(* Consider the binary instrumental variable model described in the context, with both treatment and outcome possibly missing: $R^D\in\{0,1\}$ indicates that $D$ is observed and $R^Y\in\{0,1\}$ that $Y$ is observed, so the observed data are $(Z,R^D,R^D D,R^Y,R^Y Y)$. Assume the IV assumptions, that $R^D\perp\!\!\!\perp (U,D,Y)\mid Z$, and that $\mathbb{P}(R^D=1\mid Z=z)>0$ for $z=0,1$. Then: (1ZD$\oplus$2Z) If $R^Y\perp\!\!\!\perp (U,Y)\mid (Z,D,R^D)$ and $\mathbb{P}(R^Y=1\mid Z=z,D=d,R^D=1)>0$ for all $z$ and $d$, then the CACE is identifiable. (1UD$\oplus$2Z) If $R^Y\perp\!\!\!\perp (Z,Y)\mid (U,D,R^D)$ and $\mathbb{P}(R^Y=1\mid U=c,D=d,R^D=1)>0$ for $d=0,1$, then the CACE is identifiable. (1UY$\oplus$2Z) If $R^Y\perp\!\!\!\perp (Z,D)\mid (U,Y,R^D)$, $Y$ is binary, and $\mathbb{P}(R^Y=1\mid U=c,Y=y,R^D=1)>0$ for $y=0,1$, then the CACE is identifiable. (1DY$\oplus$2Z) If $R^Y\perp\!\!\!\perp (Z,U)\mid (D,Y,R^D)$, $Y$ is binary, noncompliance is two-sided, $\mathbb{P}(R^Y=1\mid D=d,Y=y,R^D=1)>0$ for all $d$ and $y$, and $Y\not\!\perp\!\!\!\perp Z\mid (D=d,R^D=1)$ for $d=0,1$, then the CACE is identifiable. (1ZY$\oplus$2Z) If $R^Y\perp\!\!\!\perp (U,D)\mid (Z,Y,R^D)$, $Y$ is binary, noncompliance is two-sided, $\mathbb{P}(R^Y=1\mid Z=z,Y=y,R^D=1)>0$ for all $z$ and $y$, and $Y\not\!\perp\!\!\!\perp D\mid Z=z$ for $z=0,1$, then the CACE is identifiable.
   Context: $Z\in\{0,1\}$ is a binary instrument, $D\in\{0,1\}$ the treatment received, $Y$ the outcome (real-valued; "binary $Y$" means $Y\in\{0,1\}$). Potential values $D(z),Y(z)$ for $z=0,1$ are defined with respect to the instrument; observed values are $D=ZD(1)+(1-Z)D(0)$ and $Y=ZY(1)+(1-Z)Y(0)$. The latent compliance status $U$ is $a$ (always-taker) if $D(1)=D(0)=1$, $c$ (complier) if $D(1)=1,D(0)=0$, $d$ (defier) if $D(1)=0,D(0)=1$, $n$ (never-taker) if $D(1)=D(0)=0$. IV assumptions: (1) $Z\perp\!\!\!\perp\{D(1),D(0),Y(1),Y(0)\}$; (2) $D(1)\ge D(0)$ for all units (no defiers); (3) $\mathbb{E}\{D(1)-D(0)\}\neq0$; (4) $Y(1)=Y(0)$ for units with $U\in\{a,n\}$. The complier average causal effect is $\mathrm{CACE}=\mathbb{E}\{Y(1)-Y(0)\mid U=c\}$. One-sided noncompliance means $D(0)=0$ for all units (only compliers and never-takers); two-sided noncompliance is the general case in which units in both arms may fail to comply (always-takers and never-takers may both be present). Independence statements refer to the joint distribution of $(Z,U,D,Y,R^D,R^Y)$. The CACE is identifiable if it is uniquely determined by the distribution of the observed data among all joint distributions satisfying the stated assumptions. *)

theory Defs
  imports "HOL-Probability.Probability"
begin

text \<open>A unit is described by its full-data vector
  (Z, D(1), D(0), Y(1), Y(0), R^D, R^Y).  A joint distribution of the full data is a
  probability measure on this type (with its Borel sigma-algebra).\<close>

type_synonym unit_data = "bool \<times> bool \<times> bool \<times> real \<times> real \<times> bool \<times> bool"

definition Zv :: "unit_data \<Rightarrow> bool" where "Zv w = fst w"
definition D1v :: "unit_data \<Rightarrow> bool" where "D1v w = fst (snd w)"
definition D0v :: "unit_data \<Rightarrow> bool" where "D0v w = fst (snd (snd w))"
definition Y1v :: "unit_data \<Rightarrow> real" where "Y1v w = fst (snd (snd (snd w)))"
definition Y0v :: "unit_data \<Rightarrow> real" where "Y0v w = fst (snd (snd (snd (snd w))))"
definition RDv :: "unit_data \<Rightarrow> bool" where "RDv w = fst (snd (snd (snd (snd (snd w)))))"
definition RYv :: "unit_data \<Rightarrow> bool" where "RYv w = snd (snd (snd (snd (snd (snd w)))))"

definition Dv :: "unit_data \<Rightarrow> bool" where "Dv w = (if Zv w then D1v w else D0v w)"
definition Yv :: "unit_data \<Rightarrow> real" where "Yv w = (if Zv w then Y1v w else Y0v w)"

datatype compliance = Always | Complier | Defier | Never

definition Uv :: "unit_data \<Rightarrow> compliance" where
  "Uv w = (if D1v w then (if D0v w then Always else Complier)
           else (if D0v w then Defier else Never))"

definition obs :: "unit_data \<Rightarrow> bool \<times> bool \<times> bool \<times> bool \<times> real" where
  "obs w = (Zv w, RDv w, RDv w \<and> Dv w, RYv w, if RYv w then Yv w else 0)"

definition obs_law :: "unit_data measure \<Rightarrow> (bool \<times> bool \<times> bool \<times> bool \<times> real) measure" where
  "obs_law M = distr M borel obs"

definition ev :: "unit_data measure \<Rightarrow> (unit_data \<Rightarrow> bool) \<Rightarrow> unit_data set" where
  "ev M P = {w \<in> space M. P w}"

definition pr :: "unit_data measure \<Rightarrow> (unit_data \<Rightarrow> bool) \<Rightarrow> real" where
  "pr M P = measure M (ev M P)"

text \<open>Conditional probability P(A | B) (defined as 0 when P(B) = 0).\<close>
definition cpr :: "unit_data measure \<Rightarrow> (unit_data \<Rightarrow> bool) \<Rightarrow> (unit_data \<Rightarrow> bool) \<Rightarrow> real" where
  "cpr M A B = pr M (\<lambda>w. A w \<and> B w) / pr M B"

definition cindep_on :: "unit_data measure \<Rightarrow> (unit_data \<Rightarrow> 'x) \<Rightarrow> (unit_data \<Rightarrow> 'y)
    \<Rightarrow> (unit_data \<Rightarrow> bool) \<Rightarrow> bool" where
  "cindep_on M X W E \<longleftrightarrow>
     (\<forall>A B. ev M (\<lambda>w. X w \<in> A) \<in> sets M \<longrightarrow> ev M (\<lambda>w. W w \<in> B) \<in> sets M \<longrightarrow>
        pr M (\<lambda>w. X w \<in> A \<and> W w \<in> B \<and> E w) * pr M E
          = pr M (\<lambda>w. X w \<in> A \<and> E w) * pr M (\<lambda>w. W w \<in> B \<and> E w))"

definition cindep :: "unit_data measure \<Rightarrow> (unit_data \<Rightarrow> 'x) \<Rightarrow> (unit_data \<Rightarrow> 'y)
    \<Rightarrow> (unit_data \<Rightarrow> 'c) \<Rightarrow> bool" where
  "cindep M X W C \<longleftrightarrow> (\<forall>c. cindep_on M X W (\<lambda>w. C w = c))"

definition indep :: "unit_data measure \<Rightarrow> (unit_data \<Rightarrow> 'x) \<Rightarrow> (unit_data \<Rightarrow> 'y) \<Rightarrow> bool" where
  "indep M X W \<longleftrightarrow> cindep_on M X W (\<lambda>w. True)"

text \<open>Standing model: a joint distribution of the full data for which the potential outcomes
  have finite mean (so that the CACE exists) and the IV assumptions (1)-(4) hold.\<close>
definition iv_model :: "unit_data measure \<Rightarrow> bool" where
  "iv_model M \<longleftrightarrow> prob_space M \<and> sets M = sets borel
     \<and> integrable M Y1v \<and> integrable M Y0v
     \<comment> \<open>(1) Z independent of (D(1), D(0), Y(1), Y(0))\<close>
     \<and> indep M Zv (\<lambda>w. (D1v w, D0v w, Y1v w, Y0v w))
     \<comment> \<open>(2) monotonicity: no defiers\<close>
     \<and> (AE w in M. D1v w \<or> \<not> D0v w)
     \<comment> \<open>(3) E(D(1) - D(0)) \<noteq> 0\<close>
     \<and> pr M D1v \<noteq> pr M D0v
     \<comment> \<open>(4) exclusion restriction for always- and never-takers\<close>
     \<and> (AE w in M. Uv w \<in> {Always, Never} \<longrightarrow> Y1v w = Y0v w)"

definition CACE :: "unit_data measure \<Rightarrow> real" where
  "CACE M = (\<integral>w. (if Uv w = Complier then Y1v w - Y0v w else 0) \<partial>M) / pr M (\<lambda>w. Uv w = Complier)"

■ **WORK TO BE COMPLETED**
Every line of the records that includes the word "else" should be gathered.

■ **EXERCISE OUTPUT**
definition Dv :: "unit_data \<Rightarrow> bool" where "Dv w = (if Zv w then D1v w else D0v w)"
definition Yv :: "unit_data \<Rightarrow> real" where "Yv w = (if Zv w then Y1v w else Y0v w)"
  "Uv w = (if D1v w then (if D0v w then Always else Complier)
           else (if D0v w then Defier else Never))"
  "obs w = (Zv w, RDv w, RDv w \<and> Dv w, RYv w, if RYv w then Yv w else 0)"
  "CACE M = (\<integral>w. (if Uv w = Complier then Y1v w - Y0v w else 0) \<partial>M) / pr M (\<lambda>w. Uv w = Complier)"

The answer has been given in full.